Available data below:

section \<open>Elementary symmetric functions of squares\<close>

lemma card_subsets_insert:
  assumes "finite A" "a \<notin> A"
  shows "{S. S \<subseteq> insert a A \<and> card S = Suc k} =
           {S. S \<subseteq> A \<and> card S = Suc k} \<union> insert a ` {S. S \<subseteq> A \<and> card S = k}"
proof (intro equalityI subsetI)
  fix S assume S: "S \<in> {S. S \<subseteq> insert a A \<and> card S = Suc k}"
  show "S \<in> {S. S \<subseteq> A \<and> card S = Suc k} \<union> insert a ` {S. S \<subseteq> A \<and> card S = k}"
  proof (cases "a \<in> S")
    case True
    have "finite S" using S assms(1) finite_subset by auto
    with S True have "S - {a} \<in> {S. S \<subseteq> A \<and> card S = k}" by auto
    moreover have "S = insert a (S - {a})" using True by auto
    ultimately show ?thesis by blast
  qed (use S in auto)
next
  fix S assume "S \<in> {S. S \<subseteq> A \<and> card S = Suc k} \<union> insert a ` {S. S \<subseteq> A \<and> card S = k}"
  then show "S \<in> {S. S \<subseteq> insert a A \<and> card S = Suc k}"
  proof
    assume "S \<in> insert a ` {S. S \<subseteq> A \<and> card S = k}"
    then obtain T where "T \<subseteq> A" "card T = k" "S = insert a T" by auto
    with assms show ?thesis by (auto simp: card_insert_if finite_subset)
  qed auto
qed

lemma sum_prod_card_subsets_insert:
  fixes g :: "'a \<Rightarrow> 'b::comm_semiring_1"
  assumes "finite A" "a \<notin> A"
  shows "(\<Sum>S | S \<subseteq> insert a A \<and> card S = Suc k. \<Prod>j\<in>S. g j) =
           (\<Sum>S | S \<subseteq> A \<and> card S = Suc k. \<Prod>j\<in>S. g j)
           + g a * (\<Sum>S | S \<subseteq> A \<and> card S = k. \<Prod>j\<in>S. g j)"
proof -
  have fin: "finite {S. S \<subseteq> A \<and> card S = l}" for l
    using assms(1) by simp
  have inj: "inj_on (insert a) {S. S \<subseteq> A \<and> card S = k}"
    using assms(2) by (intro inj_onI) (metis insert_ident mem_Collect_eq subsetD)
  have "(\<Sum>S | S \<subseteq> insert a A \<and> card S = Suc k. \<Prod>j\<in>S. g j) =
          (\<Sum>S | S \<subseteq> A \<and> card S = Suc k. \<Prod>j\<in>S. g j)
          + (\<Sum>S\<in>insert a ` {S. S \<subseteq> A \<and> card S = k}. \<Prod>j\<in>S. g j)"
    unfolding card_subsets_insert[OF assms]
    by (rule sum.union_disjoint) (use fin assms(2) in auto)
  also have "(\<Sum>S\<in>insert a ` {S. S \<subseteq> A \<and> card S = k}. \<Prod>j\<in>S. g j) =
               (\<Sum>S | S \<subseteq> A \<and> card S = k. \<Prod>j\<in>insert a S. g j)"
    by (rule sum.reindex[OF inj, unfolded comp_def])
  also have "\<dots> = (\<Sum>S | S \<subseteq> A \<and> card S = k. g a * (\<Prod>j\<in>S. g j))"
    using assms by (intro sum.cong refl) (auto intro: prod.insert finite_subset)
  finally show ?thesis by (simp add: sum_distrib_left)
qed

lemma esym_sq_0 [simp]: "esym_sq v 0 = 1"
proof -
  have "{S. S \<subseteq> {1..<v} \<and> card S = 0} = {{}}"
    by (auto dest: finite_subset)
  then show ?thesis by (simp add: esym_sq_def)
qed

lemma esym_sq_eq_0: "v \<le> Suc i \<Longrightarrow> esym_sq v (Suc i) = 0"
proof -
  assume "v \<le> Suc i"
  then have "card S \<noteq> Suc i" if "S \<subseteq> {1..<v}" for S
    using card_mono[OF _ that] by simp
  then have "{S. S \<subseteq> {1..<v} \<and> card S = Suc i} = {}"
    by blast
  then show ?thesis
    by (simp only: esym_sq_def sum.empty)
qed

End of Available data.
Available data below:

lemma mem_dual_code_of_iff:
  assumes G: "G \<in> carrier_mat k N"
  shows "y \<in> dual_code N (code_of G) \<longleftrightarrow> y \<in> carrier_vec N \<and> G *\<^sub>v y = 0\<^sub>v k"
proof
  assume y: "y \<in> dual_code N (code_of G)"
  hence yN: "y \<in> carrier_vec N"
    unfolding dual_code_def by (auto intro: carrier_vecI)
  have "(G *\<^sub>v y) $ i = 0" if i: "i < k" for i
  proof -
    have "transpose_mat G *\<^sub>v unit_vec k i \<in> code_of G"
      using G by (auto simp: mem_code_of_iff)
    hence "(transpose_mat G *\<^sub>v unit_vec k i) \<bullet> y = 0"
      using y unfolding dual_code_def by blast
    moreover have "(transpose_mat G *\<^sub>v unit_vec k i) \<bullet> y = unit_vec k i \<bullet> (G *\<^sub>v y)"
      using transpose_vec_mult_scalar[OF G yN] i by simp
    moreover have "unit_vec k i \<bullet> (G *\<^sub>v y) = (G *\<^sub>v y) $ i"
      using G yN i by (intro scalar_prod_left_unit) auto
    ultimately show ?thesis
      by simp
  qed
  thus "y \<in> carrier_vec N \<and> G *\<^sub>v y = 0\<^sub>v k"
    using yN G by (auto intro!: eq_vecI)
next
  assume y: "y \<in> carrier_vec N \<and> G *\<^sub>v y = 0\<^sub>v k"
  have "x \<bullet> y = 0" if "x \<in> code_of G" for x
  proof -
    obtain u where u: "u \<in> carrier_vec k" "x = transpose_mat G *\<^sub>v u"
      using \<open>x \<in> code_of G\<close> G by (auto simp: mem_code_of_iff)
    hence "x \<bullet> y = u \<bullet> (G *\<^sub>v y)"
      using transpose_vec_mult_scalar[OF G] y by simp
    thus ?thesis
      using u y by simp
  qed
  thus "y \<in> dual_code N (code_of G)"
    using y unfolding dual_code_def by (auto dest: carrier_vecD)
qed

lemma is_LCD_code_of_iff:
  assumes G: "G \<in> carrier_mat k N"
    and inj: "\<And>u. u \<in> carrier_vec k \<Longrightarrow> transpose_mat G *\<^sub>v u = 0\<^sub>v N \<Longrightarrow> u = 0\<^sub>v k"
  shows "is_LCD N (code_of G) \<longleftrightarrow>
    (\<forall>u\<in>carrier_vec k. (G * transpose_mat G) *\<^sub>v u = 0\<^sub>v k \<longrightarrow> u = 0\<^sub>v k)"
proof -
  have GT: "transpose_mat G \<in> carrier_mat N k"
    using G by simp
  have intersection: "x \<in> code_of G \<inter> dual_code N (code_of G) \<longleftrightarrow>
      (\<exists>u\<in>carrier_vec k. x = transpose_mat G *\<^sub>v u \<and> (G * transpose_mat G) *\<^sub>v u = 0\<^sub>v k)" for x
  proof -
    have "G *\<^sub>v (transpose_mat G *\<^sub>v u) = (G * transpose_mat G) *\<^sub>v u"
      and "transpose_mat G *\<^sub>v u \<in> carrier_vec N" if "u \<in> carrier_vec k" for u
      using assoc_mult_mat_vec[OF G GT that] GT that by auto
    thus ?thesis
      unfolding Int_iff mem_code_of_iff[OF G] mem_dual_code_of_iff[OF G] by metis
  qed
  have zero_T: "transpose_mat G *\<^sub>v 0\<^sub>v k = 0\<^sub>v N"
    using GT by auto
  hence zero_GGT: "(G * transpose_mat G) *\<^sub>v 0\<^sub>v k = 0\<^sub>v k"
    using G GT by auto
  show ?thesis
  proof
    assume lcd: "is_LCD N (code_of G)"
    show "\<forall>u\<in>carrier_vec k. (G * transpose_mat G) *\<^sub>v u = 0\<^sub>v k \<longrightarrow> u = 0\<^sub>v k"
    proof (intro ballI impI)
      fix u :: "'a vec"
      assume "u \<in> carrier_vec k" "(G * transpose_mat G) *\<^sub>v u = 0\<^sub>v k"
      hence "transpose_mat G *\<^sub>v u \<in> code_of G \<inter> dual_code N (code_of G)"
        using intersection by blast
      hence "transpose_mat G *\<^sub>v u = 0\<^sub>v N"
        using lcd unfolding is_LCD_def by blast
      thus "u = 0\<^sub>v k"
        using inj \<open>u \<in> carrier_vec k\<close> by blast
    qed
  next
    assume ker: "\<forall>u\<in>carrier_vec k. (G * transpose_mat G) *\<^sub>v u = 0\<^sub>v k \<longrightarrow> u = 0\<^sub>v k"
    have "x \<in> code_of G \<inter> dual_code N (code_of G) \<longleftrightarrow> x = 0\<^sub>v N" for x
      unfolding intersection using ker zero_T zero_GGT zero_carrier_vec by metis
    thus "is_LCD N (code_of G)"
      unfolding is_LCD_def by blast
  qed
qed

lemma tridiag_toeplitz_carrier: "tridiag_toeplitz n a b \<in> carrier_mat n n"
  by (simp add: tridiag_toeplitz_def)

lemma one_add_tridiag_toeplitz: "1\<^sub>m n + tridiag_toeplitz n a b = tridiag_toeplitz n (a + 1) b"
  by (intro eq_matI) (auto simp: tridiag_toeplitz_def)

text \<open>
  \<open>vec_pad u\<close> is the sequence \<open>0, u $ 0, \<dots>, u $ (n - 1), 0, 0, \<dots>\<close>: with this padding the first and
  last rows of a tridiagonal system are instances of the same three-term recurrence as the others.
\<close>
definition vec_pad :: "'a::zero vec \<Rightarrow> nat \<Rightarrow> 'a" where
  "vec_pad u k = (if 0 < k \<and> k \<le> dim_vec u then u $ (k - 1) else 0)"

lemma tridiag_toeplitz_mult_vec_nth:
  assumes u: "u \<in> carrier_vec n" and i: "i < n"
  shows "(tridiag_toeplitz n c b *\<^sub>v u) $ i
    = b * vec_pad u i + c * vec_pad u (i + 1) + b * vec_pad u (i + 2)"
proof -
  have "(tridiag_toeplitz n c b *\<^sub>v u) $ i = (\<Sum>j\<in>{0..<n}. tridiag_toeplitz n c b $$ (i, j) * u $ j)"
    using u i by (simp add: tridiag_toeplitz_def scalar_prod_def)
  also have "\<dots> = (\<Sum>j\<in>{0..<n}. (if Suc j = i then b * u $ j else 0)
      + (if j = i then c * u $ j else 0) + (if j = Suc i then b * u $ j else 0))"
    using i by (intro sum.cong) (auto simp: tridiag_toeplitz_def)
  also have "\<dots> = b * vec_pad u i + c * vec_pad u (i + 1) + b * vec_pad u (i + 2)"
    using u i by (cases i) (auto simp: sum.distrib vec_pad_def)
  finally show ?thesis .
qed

End of Available data.
Available data below:

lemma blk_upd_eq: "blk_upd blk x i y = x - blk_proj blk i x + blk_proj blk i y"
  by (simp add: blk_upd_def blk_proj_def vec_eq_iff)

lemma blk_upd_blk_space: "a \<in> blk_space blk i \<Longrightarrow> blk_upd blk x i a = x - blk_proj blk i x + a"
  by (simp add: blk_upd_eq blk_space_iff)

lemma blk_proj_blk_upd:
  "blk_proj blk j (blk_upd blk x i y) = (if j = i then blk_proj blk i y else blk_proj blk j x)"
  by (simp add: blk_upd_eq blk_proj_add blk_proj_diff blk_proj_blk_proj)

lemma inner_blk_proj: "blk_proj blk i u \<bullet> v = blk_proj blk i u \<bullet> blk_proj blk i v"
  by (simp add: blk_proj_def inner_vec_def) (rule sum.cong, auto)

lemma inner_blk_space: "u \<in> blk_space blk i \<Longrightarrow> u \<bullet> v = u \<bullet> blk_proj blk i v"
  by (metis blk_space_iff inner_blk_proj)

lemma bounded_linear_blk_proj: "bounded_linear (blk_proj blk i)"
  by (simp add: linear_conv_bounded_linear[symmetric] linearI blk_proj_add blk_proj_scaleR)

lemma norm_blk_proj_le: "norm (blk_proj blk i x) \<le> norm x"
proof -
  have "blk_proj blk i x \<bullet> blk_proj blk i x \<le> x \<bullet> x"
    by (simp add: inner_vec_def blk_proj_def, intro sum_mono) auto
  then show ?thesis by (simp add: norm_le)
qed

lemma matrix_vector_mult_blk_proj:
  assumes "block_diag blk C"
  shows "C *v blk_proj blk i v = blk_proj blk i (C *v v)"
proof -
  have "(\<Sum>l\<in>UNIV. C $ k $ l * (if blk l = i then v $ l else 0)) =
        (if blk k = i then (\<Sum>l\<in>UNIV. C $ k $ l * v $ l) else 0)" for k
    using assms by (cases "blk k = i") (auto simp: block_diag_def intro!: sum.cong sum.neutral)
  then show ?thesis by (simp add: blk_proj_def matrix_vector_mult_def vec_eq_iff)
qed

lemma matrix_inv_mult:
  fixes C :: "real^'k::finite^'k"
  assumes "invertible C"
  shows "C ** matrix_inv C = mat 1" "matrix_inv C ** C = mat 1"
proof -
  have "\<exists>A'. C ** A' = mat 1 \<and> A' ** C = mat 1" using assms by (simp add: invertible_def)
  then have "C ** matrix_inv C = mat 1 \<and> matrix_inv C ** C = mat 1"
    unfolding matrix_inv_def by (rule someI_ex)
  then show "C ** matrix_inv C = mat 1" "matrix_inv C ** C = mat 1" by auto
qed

End of Available data.

In the data above, find the line that contains "G *\<^sub>v u)" and the line that contains "using GT by auto". Repeat exactly those lines and every line between them, and only those.

    have "G *\<^sub>v (transpose_mat G *\<^sub>v u) = (G * transpose_mat G) *\<^sub>v u"
      and "transpose_mat G *\<^sub>v u \<in> carrier_vec N" if "u \<in> carrier_vec k" for u
      using assoc_mult_mat_vec[OF G GT that] GT that by auto
    thus ?thesis
      unfolding Int_iff mem_code_of_iff[OF G] mem_dual_code_of_iff[OF G] by metis
  qed
  have zero_T: "transpose_mat G *\<^sub>v 0\<^sub>v k = 0\<^sub>v N"
    using GT by auto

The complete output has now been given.